From the ISS, we have a great window to watch the Earth, watching weather, climate, agriculture trends, natural disasters, pollution, deforestation, etc. From our viewpoint up there, we can find ways to predict weather more effectively, see where to clean up pollution and oil spills, and find lots of ways to improve our life on Earth. From the ISS, we can have a more clear view of all the galaxies out in the universe and we can even study the very nature of space itself.

So as you can see, the International Space Station is a very important spacecraft finding new ways to improve our lives on Earth and helping us build a better future in space.

E) Life on ISS

Who are the people on-board the ISS and how do they live up there? The ISS supports a full-time crew of up to six people.
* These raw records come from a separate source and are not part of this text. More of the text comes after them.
(* Let $m,n\ge1$, let $U\subseteq\mathbb{R}^{m\times n}$ be a non-empty open connected set and $\varphi:U\to U$ an injective continuous map. Then there is a dense $G_\delta$ subset $\Omega$ of $U$ with $\Omega\subseteq\mathscr{L}_{m,n}$ such that for every $A\in\Omega$ and every $k\ge1$, the iterate $\varphi^k(A)=\varphi\circ\cdots\circ\varphi(A)$ ($k$ times) lies in $\mathscr{L}_{m,n}\cap U$.
   Context: $\Vert\cdot\Vert$ is the supremum norm; a real $m\times n$ matrix $A$ is a Liouville matrix if $A\mathbf{q}-\mathbf{p}\neq\mathbf{0}$ for all nonzero $(\mathbf{q},\mathbf{p})\in\mathbb{Z}^n\times\mathbb{Z}^m$ and for every $N$ there exist $\mathbf{p}\in\mathbb{Z}^m$, $\mathbf{q}\in\mathbb{Z}^n\setminus\{\mathbf{0}\}$ with $\Vert A\mathbf{q}-\mathbf{p}\Vert<\Vert\mathbf{q}\Vert^{-N}$; $\mathscr{L}_{m,n}$ is the set of these. $\mathbb{R}^{m\times n}$ carries the topology of $\mathbb{R}^{mn}$. *)

theory Defs
  imports "HOL-Analysis.Analysis"
begin

text \<open>Real m x n matrices are represented as real^'n^'m (rows indexed by 'm,
columns by 'n). Integer vectors are real vectors with integer entries.
The supremum norm is infnorm.\<close>

definition int_vec :: "real^'k \<Rightarrow> bool" where
  "int_vec v \<longleftrightarrow> (\<forall>i. v $ i \<in> \<int>)"

definition liouville_matrix :: "real^'n^'m \<Rightarrow> bool" where
  "liouville_matrix A \<longleftrightarrow>
     (\<forall>q p. int_vec q \<longrightarrow> int_vec p \<longrightarrow> (q, p) \<noteq> (0, 0) \<longrightarrow> A *v q - p \<noteq> 0) \<and>
     (\<forall>N::nat. \<exists>q p. int_vec q \<and> int_vec p \<and> q \<noteq> 0 \<and>
        infnorm (A *v q - p) < infnorm q powr (- real N))"

definition liouville_set :: "(real^'n^'m) set" where
  "liouville_set = {A. liouville_matrix A}"

end

theory Submission
  imports Defs "HOL-Homology.Invariance_of_Domain"
begin

text \<open>The Liouville matrices are the intersection of countably many open dense sets:
for each integer pair \<open>(q, p)\<close> with \<open>q \<noteq> 0\<close> the matrices with \<open>A q \<noteq> p\<close>, and for each \<open>N\<close>
the matrices admitting an approximation of order \<open>N\<close>. Pulling each of these back along
every iterate \<open>\<phi>\<^sup>k\<close> gives sets that are open in \<open>U\<close> by continuity and dense in \<open>U\<close> because,
by invariance of domain, the injective continuous map \<open>\<phi>\<^sup>k\<close> sends non-empty open subsets
of \<open>U\<close> to non-empty open sets, which meet every dense set. Since \<open>U\<close> is completely
metrizable, the Baire category theorem makes the countable intersection of all these
pullbacks dense in \<open>U\<close>.\<close>

lemma Baire_open:
  fixes U :: "'a::complete_space set"
  assumes "open U" and "countable \<G>"
    and "\<And>T. T \<in> \<G> \<Longrightarrow> openin (top_of_set U) T \<and> U \<subseteq> closure T"
  shows "U \<subseteq> closure (\<Inter>\<G>)"
proof -
  have "completely_metrizable_space (top_of_set U)"
    using \<open>open U\<close> by (simp add: completely_metrizable_space_openin completely_metrizable_space_euclidean)
  moreover have "top_of_set U closure_of T = U" if "T \<in> \<G>" for T
    using assms(3)[OF that] \<open>open U\<close> by (auto simp: closure_of_subtopology_open)
  ultimately have "top_of_set U closure_of \<Inter>\<G> = U"
    using Baire_category[of "top_of_set U" \<G>] assms(3) \<open>countable \<G>\<close> by auto
  then show ?thesis
    using \<open>open U\<close> by (auto simp: closure_of_subtopology_open)
qed

lemma closure_preimage_open_dense:
  fixes f :: "'a \<Rightarrow> 'a::euclidean_space"
  assumes "open U" "continuous_on U f" "inj_on f U" "open D" "closure D = UNIV"
  shows "U \<subseteq> closure (U \<inter> f -` D)"
proof
  fix x assume "x \<in> U"
  show "x \<in> closure (U \<inter> f -` D)"
  proof (rule ccontr)
    assume "x \<notin> closure (U \<inter> f -` D)"
    define V where "V = U - closure (U \<inter> f -` D)"
    have "open V" "V \<subseteq> U" "x \<in> V"
      using \<open>open U\<close> \<open>x \<in> U\<close> \<open>x \<notin> closure _\<close> by (auto simp: V_def)
    then have "open (f ` V)"
      using assms(2,3) by (intro invariance_of_domain) (auto intro: continuous_on_subset inj_on_subset)
    moreover have "f ` V \<noteq> {}"
      using \<open>x \<in> V\<close> by blast
    ultimately have "f ` V \<inter> D \<noteq> {}"
      using open_Int_closure_eq_empty[of "f ` V" D] \<open>closure D = UNIV\<close> by auto
    then obtain z where "z \<in> V" "f z \<in> D"
      by auto
    then show False
      using closure_subset[of "U \<inter> f -` D"] by (auto simp: V_def)
  qed
qed

lemma funpow_image_subset: "f ` S \<subseteq> S \<Longrightarrow> (f ^^ k) ` S \<subseteq> S"
  by (induction k) auto

lemma inj_on_funpow:
  assumes "f ` S \<subseteq> S" "inj_on f S"
  shows "inj_on (f ^^ k) S"
proof (induction k)
  case (Suc k)
  have "inj_on (f \<circ> (f ^^ k)) S"
    using Suc inj_on_subset[OF assms(2) funpow_image_subset[OF assms(1)]] by (rule comp_inj_on)
  then show ?case by (simp only: funpow.simps(2))
qed simp

lemma continuous_on_funpow:
  assumes "f ` S \<subseteq> S" "continuous_on S f"
  shows "continuous_on S (f ^^ k)"
proof (induction k)
  case (Suc k)
  have "continuous_on S (f \<circ> (f ^^ k))"
    using Suc continuous_on_subset[OF assms(2) funpow_image_subset[OF assms(1)]]
    by (rule continuous_on_compose)
  then show ?case by (simp only: funpow.simps(2))
qed (simp add: continuous_on_id)

lemma dense_gdelta_with_orbits_in_Inter:
  fixes f :: "'a \<Rightarrow> 'a::euclidean_space"
  assumes "open U" "f ` U \<subseteq> U" "inj_on f U" "continuous_on U f"
    and "countable \<F>" and open_dense: "\<And>D. D \<in> \<F> \<Longrightarrow> open D \<and> closure D = UNIV"
  obtains \<Omega> where "gdelta_in (top_of_set U) \<Omega>" "U \<subseteq> closure \<Omega>" "\<Omega> \<subseteq> U"
    "\<And>k. (f ^^ k) ` \<Omega> \<subseteq> \<Inter>\<F>"
proof
  define \<G> where "\<G> = insert U ((\<lambda>(k, D). U \<inter> (f ^^ k) -` D) ` (UNIV \<times> \<F>))"
  have "countable \<G>"
    using \<open>countable \<F>\<close> by (simp add: \<G>_def)
  have open_dense_in_U: "openin (top_of_set U) T \<and> U \<subseteq> closure T" if "T \<in> \<G>" for T
    using that unfolding \<G>_def
  proof (elim insertE imageE; clarsimp)
    fix k D assume "D \<in> \<F>"
    then show "openin (top_of_set U) (U \<inter> (f ^^ k) -` D) \<and> U \<subseteq> closure (U \<inter> (f ^^ k) -` D)"
      using open_dense[OF \<open>D \<in> \<F>\<close>] \<open>open U\<close>
        continuous_on_funpow[OF assms(2,4)] inj_on_funpow[OF assms(2,3)]
      by (simp add: continuous_openin_preimage_gen closure_preimage_open_dense)
  qed (use closure_subset in blast)
  show "gdelta_in (top_of_set U) (\<Inter>\<G>)"
    using \<open>countable \<G>\<close> open_dense_in_U by (intro gdelta_in_Inter open_imp_gdelta_in) (auto simp: \<G>_def)
  show "U \<subseteq> closure (\<Inter>\<G>)"
    using \<open>countable \<G>\<close> open_dense_in_U \<open>open U\<close> by (intro Baire_open)
  show "\<Inter>\<G> \<subseteq> U"
    by (auto simp: \<G>_def)
  show "(f ^^ k) ` \<Inter>\<G> \<subseteq> \<Inter>\<F>" for k
    by (auto simp: \<G>_def)
qed

definition approximable_to_order :: "nat \<Rightarrow> (real^'n^'m) set" where
  "approximable_to_order N = {A. \<exists>q p. int_vec q \<and> int_vec p \<and> q \<noteq> 0 \<and>
     infnorm (A *v q - p) < infnorm q powr (- real N)}"

lemma countable_int_vec: "countable {q::real^'k. int_vec q}"
proof -
  have "{q::real^'k. int_vec q} \<subseteq> range (\<lambda>z::'k \<Rightarrow> int. \<chi> i. of_int (z i))"
  proof
    fix q :: "real^'k" assume "q \<in> {q. int_vec q}"
    then have "\<forall>i. \<exists>z. q $ i = of_int z"
      by (auto simp: int_vec_def Ints_def)
    then obtain z where "\<forall>i. q $ i = of_int (z i)"
      by metis
    then show "q \<in> range (\<lambda>z::'k \<Rightarrow> int. \<chi> i. of_int (z i))"
      by (auto simp: vec_eq_iff)
  qed
  then show ?thesis
    by (rule countable_subset) simp
qed

lemma continuous_on_matrix_vector_mult_left: "continuous_on S (\<lambda>A::real^'n^'m. A *v q)"
  unfolding matrix_vector_mult_def by (intro continuous_intros)

lemma open_matrix_vector_neq: "open {A::real^'n^'m. A *v q \<noteq> p}"
  by (intro open_Collect_neq continuous_intros continuous_on_matrix_vector_mult_left)

lemma dense_matrix_vector_neq:
  fixes q :: "real^'n" and p :: "real^'m"
  assumes "q \<noteq> 0"
  shows "closure {A::real^'n^'m. A *v q \<noteq> p} = UNIV"
proof -
  obtain j where "q $ j \<noteq> 0"
    using assms by (metis vec_eq_iff zero_index)
  define E :: "real^'n^'m" where "E = (\<chi> i k. if k = j then 1 else 0)"
  have "E *v q = (\<chi> i. q $ j)"
    by (simp add: E_def matrix_vector_mult_def vec_eq_iff if_distrib[of "\<lambda>x. x * _"] cong: if_cong)
  then have "E *v q \<noteq> 0"
    using \<open>q $ j \<noteq> 0\<close> by (simp add: vec_eq_iff)
  have "A \<in> closure {A. A *v q \<noteq> p}" for A :: "real^'n^'m"
  proof (cases "A *v q = p")
    case True
    define B where "B n = A + inverse (real (Suc n)) *\<^sub>R E" for n
    have "B \<longlonglongrightarrow> A + 0 *\<^sub>R E"
      unfolding B_def by (intro tendsto_intros LIMSEQ_inverse_real_of_nat)
    then have "B \<longlonglongrightarrow> A"
      by simp
    moreover have "B n *v q \<noteq> p" for n
      using True \<open>E *v q \<noteq> 0\<close>
      by (simp add: B_def matrix_vector_mult_add_rdistrib scaleR_matrix_vector_assoc[symmetric])
    ultimately show ?thesis
      unfolding closure_sequential by blast
  qed (simp add: closure_subset[THEN subsetD])
  then show ?thesis by auto
qed

lemma open_approximable_to_order: "open (approximable_to_order N :: (real^'n^'m) set)"
proof -
  have "approximable_to_order N =
      (\<Union>q\<in>{q. int_vec q \<and> q \<noteq> 0}. \<Union>p\<in>{p. int_vec p}.
         {A::real^'n^'m. infnorm (A *v q - p) < infnorm q powr (- real N)})"
    by (auto simp: approximable_to_order_def)
  moreover have "open {A::real^'n^'m. infnorm (A *v q - p) < c}" for q p c
    by (intro open_Collect_less continuous_intros continuous_on_matrix_vector_mult_left)
  ultimately show ?thesis
    by (simp add: open_UN)
qed

lemma matrix_vector_eq_int_imp_approximable:
  assumes "int_vec q" "int_vec p" "q \<noteq> 0" "A *v q = p"
  shows "A \<in> approximable_to_order N"
  unfolding approximable_to_order_def using assms
  by (intro CollectI exI[of _ q] exI[of _ p]) (simp add: infnorm_eq_0 infnorm_0)

lemma round_scaled_tendsto: "(\<lambda>M. of_int (round (real (Suc M) * c)) / real (Suc M)) \<longlonglongrightarrow> (c::real)"
proof -
  have "\<bar>of_int (round (x * c)) / x - c\<bar> \<le> inverse x" if "x > 0" for x
  proof -
    have "\<bar>of_int (round (x * c)) / x - c\<bar> = \<bar>of_int (round (x * c)) - x * c\<bar> / x"
      using that by (simp add: field_simps)
    also have "\<dots> \<le> 1 / x"
      using of_int_round_abs_le[of "x * c"] that by (intro divide_right_mono) auto
    finally show ?thesis
      by (simp add: inverse_eq_divide)
  qed
  then have "(\<lambda>M. of_int (round (real (Suc M) * c)) / real (Suc M) - c) \<longlonglongrightarrow> 0"
    by (intro Lim_null_comparison[OF _ LIMSEQ_inverse_real_of_nat]) simp
  then show ?thesis
    by (rule LIM_zero_cancel)
qed

lemma dense_approximable_to_order: "closure (approximable_to_order N :: (real^'n^'m) set) = UNIV"
proof -
  have "A \<in> closure (approximable_to_order N)" for A :: "real^'n^'m"
  proof -
    fix j :: 'n
    \<comment> \<open>Rounding column \<open>j\<close> to the lattice \<open>\<int>/(M+1)\<close> makes \<open>A (M+1)e\<^sub>j\<close> an integer vector.\<close>
    define B :: "nat \<Rightarrow> real^'n^'m" where
      "B M = (\<chi> i k. if k = j then of_int (round (real (Suc M) * A $ i $ k)) / real (Suc M) else A $ i $ k)"
      for M
    have "B M \<in> approximable_to_order N" for M
    proof (rule matrix_vector_eq_int_imp_approximable)
      let ?q = "\<chi> k. if k = j then real (Suc M) else 0"
      show "int_vec ?q" "?q \<noteq> 0"
        by (auto simp: int_vec_def vec_eq_iff)
      show "B M *v ?q = (\<chi> i. of_int (round (real (Suc M) * A $ i $ j)))"
        by (simp add: B_def matrix_vector_mult_def vec_eq_iff if_distrib cong: if_cong)
      show "int_vec (\<chi> i. of_int (round (real (Suc M) * A $ i $ j)) :: real^'m)"
        by (simp add: int_vec_def)
    qed
    moreover have "B \<longlonglongrightarrow> A"
    proof (intro vec_tendstoI)
      fix i k
      show "(\<lambda>M. B M $ i $ k) \<longlonglongrightarrow> A $ i $ k"
        using round_scaled_tendsto[of "A $ i $ k"] by (cases "k = j") (simp_all add: B_def)
    qed
    ultimately show ?thesis
      unfolding closure_sequential by blast
  qed
  then show ?thesis by auto
qed

lemma liouville_set_eq:
  "liouville_set = (\<Inter>N. approximable_to_order N) \<inter>
     (\<Inter>(q, p)\<in>{q. int_vec q \<and> q \<noteq> 0} \<times> {p. int_vec p}. {A. A *v q \<noteq> p})"
  by (auto simp: liouville_set_def liouville_matrix_def approximable_to_order_def)

lemma liouville_set_countable_Inter_open_dense:
  obtains \<F> :: "(real^'n^'m) set set"
  where "countable \<F>" "\<And>D. D \<in> \<F> \<Longrightarrow> open D \<and> closure D = UNIV" "liouville_set = \<Inter>\<F>"
proof
  let ?\<F> = "range approximable_to_order \<union>
    (\<lambda>(q, p). {A::real^'n^'m. A *v q \<noteq> p}) ` ({q. int_vec q \<and> q \<noteq> 0} \<times> {p. int_vec p})"
  have "countable {q::real^'n. int_vec q \<and> q \<noteq> 0}"
    by (rule countable_subset[OF _ countable_int_vec]) auto
  then show "countable ?\<F>"
    using countable_int_vec by auto
  show "open D \<and> closure D = UNIV" if "D \<in> ?\<F>" for D
    using that by (auto simp: open_approximable_to_order dense_approximable_to_order
        open_matrix_vector_neq dense_matrix_vector_neq)
  show "liouville_set = \<Inter>?\<F>"
    by (simp add: liouville_set_eq Inter_Un_distrib)
qed

theorem mainTheorem9:
  fixes U :: "(real^'n^'m) set" and \<phi> :: "real^'n^'m \<Rightarrow> real^'n^'m"
  assumes "U \<noteq> {}" and "open U" and "connected U"
    and "\<phi> ` U \<subseteq> U" and "inj_on \<phi> U" and "continuous_on U \<phi>"
  shows "\<exists>\<Omega>. gdelta_in (top_of_set U) \<Omega> \<and> U \<subseteq> closure \<Omega> \<and>
           \<Omega> \<subseteq> liouville_set \<and>
           (\<forall>A\<in>\<Omega>. \<forall>k::nat. k \<ge> 1 \<longrightarrow> (\<phi> ^^ k) A \<in> liouville_set \<inter> U)"
proof -
  obtain \<F> :: "(real^'n^'m) set set" where "countable \<F>"
    and "\<And>D. D \<in> \<F> \<Longrightarrow> open D \<and> closure D = UNIV" and "liouville_set = \<Inter>\<F>"
    using liouville_set_countable_Inter_open_dense by blast
  then obtain \<Omega> where "gdelta_in (top_of_set U) \<Omega>" "U \<subseteq> closure \<Omega>" "\<Omega> \<subseteq> U"
    and orbits: "\<And>k. (\<phi> ^^ k) ` \<Omega> \<subseteq> liouville_set"
    using dense_gdelta_with_orbits_in_Inter[OF \<open>open U\<close> assms(4-6)] by metis
  have "\<Omega> \<subseteq> liouville_set"
    using orbits[of 0] by simp
  moreover have "(\<phi> ^^ k) A \<in> liouville_set \<inter> U" if "A \<in> \<Omega>" for A k
    using that orbits[of k] \<open>\<Omega> \<subseteq> U\<close> funpow_image_subset[OF assms(4), of k] by blast
  ultimately show ?thesis
    using \<open>gdelta_in (top_of_set U) \<Omega>\<close> \<open>U \<subseteq> closure \<Omega>\<close> by blast
qed

end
These people are scientists and astronauts. You might wonder how the people up there move around, eat food, and sleep?

Once a person is inside the International Space Station, they can float around without needing a space suit. The only time an astronaut would need a spacesuit is if they are doing a spacewalk, which means they are going to go outside the space station to work on something.

As for oxygen, there are life support systems on the ISS which provide oxygen and remove carbon dioxide so astronauts can do their job onboard and breath normally. Much of this oxygen comes from a process where the electricity from the ISS solar panels is used to split water into hydrogen and oxygen gas. Very cool!

Eating food in space is quite a bit different from eating food on Earth. On the ISS, meals often come in a meal tray, and the meal tray becomes a sort of dinner plate with several foods to choose from. The tray holds the foods down so they don't float away. Much of the food can be scooped up with a spoon for eating. The food and drink come in cans or dehydrated so things don't have to be refrigerated. If the food isn't strapped to the table, you can just grab it out of the floating air around you.

As for sleeping, astronauts are weightless and can sleep in any orientation. However, they have to attach themselves to a wall, seat, or bed so they don't float around and bump into something. Astronauts have many creative ways of living and working onboard the International Space Station!